Born 1917; educated at Marlborough College, Royal Military College, Sandhurst, and the Open International University for Complementary Medicine, Sri Lanka; commissioned into the Oxfordshire and Buckinghamshire Light Infantry, 1937; service with 1 Bn, Oxfordshire and Buckinghamshire Light Infantry, Colchester, Essex, 1937-1939; served in World War Two in the UKand Italy, 1939-1945; Lt, 1940; temporary Capt, 1940-1942; War Substantive Capt, 1942; temporary Maj, 1942-1945; Capt, 1945; temporary Maj, 1945-1949; service in Greece, Egypt and Cyprus, 1948-1958; Maj, 1950; served with 1 Bn, Royal Green Jackets on its formation, 1958; Lt Col, 1959; awarded OBE, 1959; Commanding Officer, 1 Bn, Royal Green Jackets, 1959-1962; Security Commander, Aden, 1962-1964; commanded 129 Infantry Bde, Territorial Army, 1964-1966; Brig, 1966; Chief of Staff, UN Peacekeeping Force, Cyprus, 1966-1968; retired, 1968; Chief Security Officer, Sierra Leone Selection Trust Limited, 1969-1970; Vice President, International PeaceAcademy, 1971-1973; Consultant, 1973-1997; Visiting Senior Lecturer in Peace Studies, Bradford University, 1974-1979; Consultant, United World College of Atlantic, 1974-1981; Vice President, UN Association (UK), 1974-1997; Member, Management Committee,Council for Education in World Citizenship, 1978-1989; Education Planning Director, British Council for Aid to Refugees (Vietnamese Section), 1979-1980; General Secretary, World Disarmament Campaign, 1980-1982; Member of Generals (retired) for Peace and Disarmament, 1981-1990; Director, Centre for International Peacebuilding, 1983-1997; Co-ordinator, Worldwide Consultative Association of Retired Generals and Admirals, 1991-1997; Member, International Council, Institute of Conflict Analysis and Resolution, USA, 1992-1997; Consultant/Adviser, International Institute for Peaceful Change; died 1997.Publications: The impartial soldier (Oxford University Press, under the auspices of the Royal Institute of International Affairs, London, 1970); The blue berets (Leo Cooper, London, 1971); The thin blue line.
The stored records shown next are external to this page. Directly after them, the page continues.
lemma A_T: assumes i: "i \<in> {1..n}" shows "A i (T x) = scaleC (tau i) (T (A i x))"
proof -
  define e where "e = x - V i (A i x)"
  have "A i e = 0"
    by (simp add: e_def A_diff[OF i] A_V[OF i])
  have "A i (T x) = A i (T (e + V i (A i x)))"
    by (simp add: e_def)
  also have "\<dots> = A i (T e) + A i (T (V i (A i x)))"
    by (simp only: bounded_clinear_add[OF T] A_add[OF i])
  also have "A i (T e) = 0"
    using inv i \<open>A i e = 0\<close> by blast
  also have "A i (T (V i (A i x))) = scaleC (tau i) (T (A i x))"
    by (simp add: T_V[OF i] A_scaleC[OF i] A_V[OF i])
  finally show ?thesis
    by simp
qed

lemma norm_sq_split_T:
  assumes i: "i \<in> {1..n}"
  shows "(norm (T y))\<^sup>2 = (norm (T (y - V i (A i y))))\<^sup>2 + (norm (T (A i y)))\<^sup>2"
proof -
  have "T y - V i (A i (T y)) = T (y - V i (A i y))"
    by (simp add: A_T[OF i] V_scaleC[OF i] T_V[OF i] bounded_clinear_diff[OF T])
  moreover have "norm (A i (T y)) = norm (T (A i y))"
    by (simp add: A_T[OF i] norm_tau[OF i])
  ultimately show ?thesis
    using norm_sq_split_isometry[OF isometry[OF i], of "T y"] by simp
qed

lemma bounded_below_split:
  assumes i: "i \<in> {1..n}" and "0 \<le> m"
    and "m * norm (y - V i (A i y)) \<le> norm (T (y - V i (A i y)))"
    and "m * norm (A i y) \<le> norm (T (A i y))"
  shows "m * norm y \<le> norm (T y)"
proof -
  have "(m * norm y)\<^sup>2 = (m * norm (y - V i (A i y)))\<^sup>2 + (m * norm (A i y))\<^sup>2"
    using norm_sq_split_isometry[OF isometry[OF i], of y] by (simp add: power_mult_distrib algebra_simps)
  also have "\<dots> \<le> (norm (T (y - V i (A i y))))\<^sup>2 + (norm (T (A i y)))\<^sup>2"
    using assms by (intro add_mono power_mono) auto
  also have "\<dots> = (norm (T y))\<^sup>2"
    by (rule norm_sq_split_T[OF i, symmetric])
  finally show ?thesis
    by (rule power2_le_imp_le) simp
qed

lemma T_on_W: "W \<subseteq> T ` W" "\<exists>m>0. \<forall>w\<in>W. m * norm w \<le> norm (T w)"
proof -
  have "cfinite_dim W" "\<forall>x\<in>W. T x = 0 \<longrightarrow> x = 0"
    using fin inj by (simp_all only: W_def)
  moreover have "T ` W \<subseteq> W"
    using inv unfolding W_def by blast
  ultimately show "W \<subseteq> T ` W" "\<exists>m>0. \<forall>w\<in>W. m * norm w \<le> norm (T w)"
    using finite_dim_injective_endomorphism[OF csubspace_W _ T] by blast+
qed

lemma bounded_below_annihilated:
  assumes "0 \<le> m" and m: "\<And>w. w \<in> W \<Longrightarrow> m * norm w \<le> norm (T w)"
  shows "annihilated N y \<Longrightarrow> m * norm y \<le> norm (T y)"
proof (induction "sum N {1..n}" arbitrary: N y rule: less_induct)
  case less
  show ?case
  proof (cases "\<forall>i\<in>{1..n}. N i \<le> 1")
    case True
    have "A i y = 0" if i: "i \<in> {1..n}" for i
    proof -
      have "(A i ^^ N i) y = 0"
        using less.prems i by (simp add: annihilated_def)
      moreover have "N i \<le> 1"
        using True i by blast
      ultimately show ?thesis
        using A_zero[OF i] by (cases "N i") auto
    qed
    then show ?thesis
      by (intro m) (auto simp: W_def)
  next
    case False
    then obtain i where i: "i \<in> {1..n}" and "2 \<le> N i"
      by force
    have kernel_part_smaller: "sum (N(i := 1)) {1..n} < sum N {1..n}"
      and range_part_smaller: "sum (N(i := N i - 1)) {1..n} < sum N {1..n}"
      by (rule sum_strict_mono_ex1; use i \<open>2 \<le> N i\<close> in auto)+
    have "m * norm (y - V i (A i y)) \<le> norm (T (y - V i (A i y)))"
      using less.hyps[OF kernel_part_smaller annihilated_kernel_part[OF i less.prems]] .
    moreover have "m * norm (A i y) \<le> norm (T (A i y))"
      using less.hyps[OF range_part_smaller annihilated_range_part[OF i less.prems]] .
    ultimately show ?thesis
      by (rule bounded_below_split[OF i \<open>0 \<le> m\<close>])
  qed
qed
International peacekeeping and its future , with Indar Jit Rikhye and Bjørn Egge (Yale University Press, London, 1974); The knaves of diamonds (Seeley Service, London, 1976); Waging war on war:the need for new concepts of common security for Europe (Project for Peace Studies, Oxford, 1988); Investing charity funds (Jordans, Bristol, 1995).

Hardy, Sir John Francis Gathorne-, 1874-1949, Knight, General

  • KCL-AF0270
  • Person
  • 1874-1949

Born in 1874; educated at Eton and Sandhurst; commissioned into the Grenadier Guards, 1894; promoted to Capt, 1900; service in the Boer War, 1900-1902; promoted to Battalion Maj, 1902; Staff College, 1905-1906; Brigade Maj, 1 Guards Brigade, Aldershot, 1908-1911; Brevet Lt Col, 1913; General Staff Officer, Grade 2, War Office, 1913-1914; General Staff Officer, Grade 2, 2Corps, 1914-1915; served in 2 Army, 1915; General Staff Officer, Grade 1, 7 Division, 1915-1916; Battalion Col, 1916; Brig Gen, General Staff of 14 Corps, 1916-1918; Maj Gen, General Staff, British Forces in Italy and 10 Italian Army, 1918-1919; commanding field troops in Egypt, 1921-1922; Director of Military Training, 1922-1925; commanded Deccan District, 1926-1928; Lt Gen, 1928; General Officer Commanding-in-Chief, Northern Command, 1931-1933; Gen, 1933; General Officer Commanding-in-Chief, Aldershot Command, 1933-1937; ADC General to the King, 1934-1937; died in 1949.